RECORDS FOR THE TASK:
=== Section Start ===
(* Let $\Omega\subset\mathbb{R}^n$ be open, $\omega$ a weight, $1\le p<q<\infty$, $a\in L^\infty(\Omega)$ non-negative, and $\varphi(x,t)=t^p+a(x)t^q$. Then $\varphi$ satisfies (A1)$_\omega$ if and only if there is a constant $C$ such that \[a(x)\le C\big(a(y)+\omega(B)^{\frac{q-p}{p}}\big)\] for every open ball $B$ and every $x,y\in B\cap\Omega$.
   Context: A weight is a nonnegative locally integrable function $\omega$ on $\mathbb{R}^n$, $\omega(E):=\int_E\omega\,dx$. (A1)$_\omega$: there is $\beta_1\in(0,1]$ such that $\varphi(x,\beta_1t)\le\varphi(y,t)$ for every open ball $B$ with $\omega(B)\le1$, a.e. $x,y\in B\cap\Omega$, and every $t\ge0$ with $\varphi(y,t)\in[1,1/\omega(B)]$. *)

theory Defs
  imports "HOL-Analysis.Analysis"
begin

definition is_weight :: "('a::euclidean_space \<Rightarrow> real) \<Rightarrow> bool" where
  "is_weight w \<longleftrightarrow> (\<forall>x. 0 \<le> w x) \<and>
     (\<forall>K. compact K \<longrightarrow> set_integrable lebesgue K w)"

definition wmeas :: "('a::euclidean_space \<Rightarrow> real) \<Rightarrow> 'a set \<Rightarrow> real" where
  "wmeas w E = (LINT x:E|lebesgue. w x)"

text \<open>The bound \<open>\<phi>(y,t) \<le> 1/\<omega>(B)\<close> is written as
  \<open>\<phi>(y,t) \<omega>(B) \<le> 1\<close>, so that \<open>\<omega>(B) = 0\<close> corresponds to \<open>1/\<omega>(B) = \<infinity>\<close>.\<close>
definition A1_weight ::
  "('a::euclidean_space \<Rightarrow> real) \<Rightarrow> 'a set \<Rightarrow> ('a \<Rightarrow> real \<Rightarrow> real) \<Rightarrow> bool" where
  "A1_weight w \<Omega> \<phi> \<longleftrightarrow>
     (\<exists>\<beta>1. 0 < \<beta>1 \<and> \<beta>1 \<le> 1 \<and>
       (\<forall>c r. wmeas w (ball c r) \<le> 1 \<longrightarrow>
          (AE x in lebesgue. AE y in lebesgue.
             x \<in> ball c r \<inter> \<Omega> \<longrightarrow> y \<in> ball c r \<inter> \<Omega> \<longrightarrow>
             (\<forall>t\<ge>0. 1 \<le> \<phi> y t \<and> \<phi> y t * wmeas w (ball c r) \<le> 1 \<longrightarrow>
                       \<phi> x (\<beta>1 * t) \<le> \<phi> y t))))"

definition double_phase :: "real \<Rightarrow> real \<Rightarrow> ('a \<Rightarrow> real) \<Rightarrow> 'a \<Rightarrow> real \<Rightarrow> real" where
  "double_phase p q a x t = t powr p + a x * t powr q"

end

theory Submission
  imports Defs
begin

text \<open>Let \<open>e = (q - p)/p\<close> and \<open>\<omega> = \<omega>(B)\<close>. If \<open>\<phi>(y,t) \<omega> \<le> 1\<close> then \<open>\<omega> t^p \<le> 1\<close>, i.e.
  \<open>\<omega>^e t^q \<le> t^p\<close>; so \<open>a(x) \<le> C (a(y) + \<omega>^e)\<close> gives \<open>a(x) t^q \<le> C \<phi>(y,t)\<close>, and
  \<open>\<beta> = 1/(2(C+1))\<close> works in (A1)\<open>_\<omega>\<close>.
  Conversely, (A1)\<open>_\<omega>\<close> yields \<open>\<beta>^q a(x) t^q \<le> t^p + a(y) t^q\<close>, i.e.
  \<open>\<beta>^q a(x) \<le> a(y) + t^(p-q)\<close>, for every admissible \<open>t\<close>; it remains to make \<open>t\<close> large.
  For \<open>\<omega> \<le> 1/2\<close> take the smaller of the solutions of \<open>t^p = 1/(2\<omega>)\<close> and
  \<open>a(y) t^q = 1/(2\<omega>)\<close>: the first gives \<open>t^(p-q) = (2\<omega>)^e\<close>, the second \<open>t^(p-q) \<le> a(y)\<close>.
  For \<open>\<omega> = 0\<close> every \<open>t \<ge> 1\<close> is admissible, and for \<open>\<omega> > 1/2\<close> the boundedness of \<open>a\<close>
  suffices.\<close>

definition A1_at :: "real \<Rightarrow> real \<Rightarrow> real \<Rightarrow> real \<Rightarrow> real \<Rightarrow> real \<Rightarrow> bool" where
  "A1_at p q \<beta> ax ay om \<longleftrightarrow>
     (\<forall>t\<ge>0. 1 \<le> t powr p + ay * t powr q \<and> (t powr p + ay * t powr q) * om \<le> 1 \<longrightarrow>
        (\<beta> * t) powr p + ax * (\<beta> * t) powr q \<le> t powr p + ay * t powr q)"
=== Section End ===
Find the line that contains "(\<forall>c r. wmeas" in the data above. Reproduce it and every later line exactly, through the last one.

EXERCISE OUTPUT:
       (\<forall>c r. wmeas w (ball c r) \<le> 1 \<longrightarrow>
          (AE x in lebesgue. AE y in lebesgue.
             x \<in> ball c r \<inter> \<Omega> \<longrightarrow> y \<in> ball c r \<inter> \<Omega> \<longrightarrow>
             (\<forall>t\<ge>0. 1 \<le> \<phi> y t \<and> \<phi> y t * wmeas w (ball c r) \<le> 1 \<longrightarrow>
                       \<phi> x (\<beta>1 * t) \<le> \<phi> y t))))"

definition double_phase :: "real \<Rightarrow> real \<Rightarrow> ('a \<Rightarrow> real) \<Rightarrow> 'a \<Rightarrow> real \<Rightarrow> real" where
  "double_phase p q a x t = t powr p + a x * t powr q"

end

theory Submission
  imports Defs
begin

text \<open>Let \<open>e = (q - p)/p\<close> and \<open>\<omega> = \<omega>(B)\<close>. If \<open>\<phi>(y,t) \<omega> \<le> 1\<close> then \<open>\<omega> t^p \<le> 1\<close>, i.e.
  \<open>\<omega>^e t^q \<le> t^p\<close>; so \<open>a(x) \<le> C (a(y) + \<omega>^e)\<close> gives \<open>a(x) t^q \<le> C \<phi>(y,t)\<close>, and
  \<open>\<beta> = 1/(2(C+1))\<close> works in (A1)\<open>_\<omega>\<close>.
  Conversely, (A1)\<open>_\<omega>\<close> yields \<open>\<beta>^q a(x) t^q \<le> t^p + a(y) t^q\<close>, i.e.
  \<open>\<beta>^q a(x) \<le> a(y) + t^(p-q)\<close>, for every admissible \<open>t\<close>; it remains to make \<open>t\<close> large.
  For \<open>\<omega> \<le> 1/2\<close> take the smaller of the solutions of \<open>t^p = 1/(2\<omega>)\<close> and
  \<open>a(y) t^q = 1/(2\<omega>)\<close>: the first gives \<open>t^(p-q) = (2\<omega>)^e\<close>, the second \<open>t^(p-q) \<le> a(y)\<close>.
  For \<open>\<omega> = 0\<close> every \<open>t \<ge> 1\<close> is admissible, and for \<open>\<omega> > 1/2\<close> the boundedness of \<open>a\<close>
  suffices.\<close>

definition A1_at :: "real \<Rightarrow> real \<Rightarrow> real \<Rightarrow> real \<Rightarrow> real \<Rightarrow> real \<Rightarrow> bool" where
  "A1_at p q \<beta> ax ay om \<longleftrightarrow>
     (\<forall>t\<ge>0. 1 \<le> t powr p + ay * t powr q \<and> (t powr p + ay * t powr q) * om \<le> 1 \<longrightarrow>
        (\<beta> * t) powr p + ax * (\<beta> * t) powr q \<le> t powr p + ay * t powr q)"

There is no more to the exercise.